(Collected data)
%%
lemma peval_pCons:
  assumes emb: "alg_emb iota"
  shows "peval iota (pCons a p) x = iota a + x * peval iota p x"
proof -
  let ?m = "Suc (degree p)"
  have shift: "iota c * x ^ Suc i = x * (iota c * x ^ i)" for c i
    by (metis alg_emb_commute[OF emb] mult.assoc power_Suc)
  have "degree (pCons a p) < Suc ?m"
    by (simp add: degree_pCons_le le_imp_less_Suc)
  then have "peval iota (pCons a p) x = (\<Sum>i<Suc ?m. iota (coeff (pCons a p) i) * x ^ i)"
    by (rule peval_eq_sum_lessThan[OF emb])
  also have "\<dots> = iota a + (\<Sum>i<?m. x * (iota (coeff p i) * x ^ i))"
    by (simp only: sum.lessThan_Suc_shift shift coeff_pCons_0 coeff_pCons_Suc power_0 mult_1_right)
  also have "\<dots> = iota a + x * peval iota p x"
    by (simp only: peval_eq_sum_lessThan[OF emb lessI] sum_distrib_left)
  finally show ?thesis .
qed

lemma peval_1: "alg_emb iota \<Longrightarrow> peval iota 1 x = 1"
  by (simp add: peval_def alg_emb_one)

lemma peval_add:
  assumes emb: "alg_emb iota"
  shows "peval iota (p + q) x = peval iota p x + peval iota q x"
proof -
  let ?n = "Suc (max (degree p) (degree q))"
  have "degree (p + q) < ?n"
    by (simp add: degree_add_le le_imp_less_Suc)
  then show ?thesis
    by (simp add: peval_eq_sum_lessThan[OF emb, of _ ?n] alg_emb_add[OF emb] distrib_right
        sum.distrib)
qed

lemma peval_smult:
  assumes emb: "alg_emb iota"
  shows "peval iota (smult a p) x = iota a * peval iota p x"
proof -
  have "degree (smult a p) < Suc (degree p)"
    by (simp add: le_imp_less_Suc)
  then have "peval iota (smult a p) x = (\<Sum>i<Suc (degree p). iota (a * coeff p i) * x ^ i)"
    by (simp only: peval_eq_sum_lessThan[OF emb] coeff_smult)
  also have "\<dots> = iota a * peval iota p x"
    by (simp only: peval_eq_sum_lessThan[OF emb lessI] alg_emb_mult[OF emb] sum_distrib_left
        mult.assoc)
  finally show ?thesis .
qed

lemma peval_mult:
  assumes emb: "alg_emb iota"
  shows "peval iota (p * q) x = peval iota p x * peval iota q x"
proof (induction p rule: pCons_induct)
  case 0
  then show ?case
    by (simp add: peval_def alg_emb_zero[OF emb])
next
  case (pCons a p)
  have "peval iota (pCons a p * q) x = peval iota (smult a q + pCons 0 (p * q)) x"
    by simp
  also have "\<dots> = (iota a + x * peval iota p x) * peval iota q x"
    using pCons.IH
    by (simp add: peval_add[OF emb] peval_smult[OF emb] peval_pCons[OF emb] alg_emb_zero[OF emb]
        distrib_right mult.assoc)
  finally show ?case
    by (simp add: peval_pCons[OF emb])
qed

definition comm_subring :: "'a::ring_1 set \<Rightarrow> bool" where
  "comm_subring R \<longleftrightarrow> 1 \<in> R \<and> (\<forall>a\<in>R. - a \<in> R) \<and>
     (\<forall>a\<in>R. \<forall>b\<in>R. a + b \<in> R \<and> a * b \<in> R \<and> a * b = b * a)"

definition comaximal :: "'a::ring_1 set \<Rightarrow> 'a \<Rightarrow> 'a \<Rightarrow> bool" where
  "comaximal R a b \<longleftrightarrow> (\<exists>u\<in>R. \<exists>v\<in>R. u * a + v * b = 1)"

lemma comm_subringD:
  assumes "comm_subring R"
  shows comm_subring_one: "1 \<in> R"
    and comm_subring_add: "a \<in> R \<Longrightarrow> b \<in> R \<Longrightarrow> a + b \<in> R"
    and comm_subring_mult: "a \<in> R \<Longrightarrow> b \<in> R \<Longrightarrow> a * b \<in> R"
    and comm_subring_commute: "a \<in> R \<Longrightarrow> b \<in> R \<Longrightarrow> a * b = b * a"
  using assms unfolding comm_subring_def by blast+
%%
[What needs to be done]:
Your answer consists solely of the lines from the top of the records above through the line that contains "then show ?thesis", each echoed exactly.

[Task response]:
lemma peval_pCons:
  assumes emb: "alg_emb iota"
  shows "peval iota (pCons a p) x = iota a + x * peval iota p x"
proof -
  let ?m = "Suc (degree p)"
  have shift: "iota c * x ^ Suc i = x * (iota c * x ^ i)" for c i
    by (metis alg_emb_commute[OF emb] mult.assoc power_Suc)
  have "degree (pCons a p) < Suc ?m"
    by (simp add: degree_pCons_le le_imp_less_Suc)
  then have "peval iota (pCons a p) x = (\<Sum>i<Suc ?m. iota (coeff (pCons a p) i) * x ^ i)"
    by (rule peval_eq_sum_lessThan[OF emb])
  also have "\<dots> = iota a + (\<Sum>i<?m. x * (iota (coeff p i) * x ^ i))"
    by (simp only: sum.lessThan_Suc_shift shift coeff_pCons_0 coeff_pCons_Suc power_0 mult_1_right)
  also have "\<dots> = iota a + x * peval iota p x"
    by (simp only: peval_eq_sum_lessThan[OF emb lessI] sum_distrib_left)
  finally show ?thesis .
qed

lemma peval_1: "alg_emb iota \<Longrightarrow> peval iota 1 x = 1"
  by (simp add: peval_def alg_emb_one)

lemma peval_add:
  assumes emb: "alg_emb iota"
  shows "peval iota (p + q) x = peval iota p x + peval iota q x"
proof -
  let ?n = "Suc (max (degree p) (degree q))"
  have "degree (p + q) < ?n"
    by (simp add: degree_add_le le_imp_less_Suc)
  then show ?thesis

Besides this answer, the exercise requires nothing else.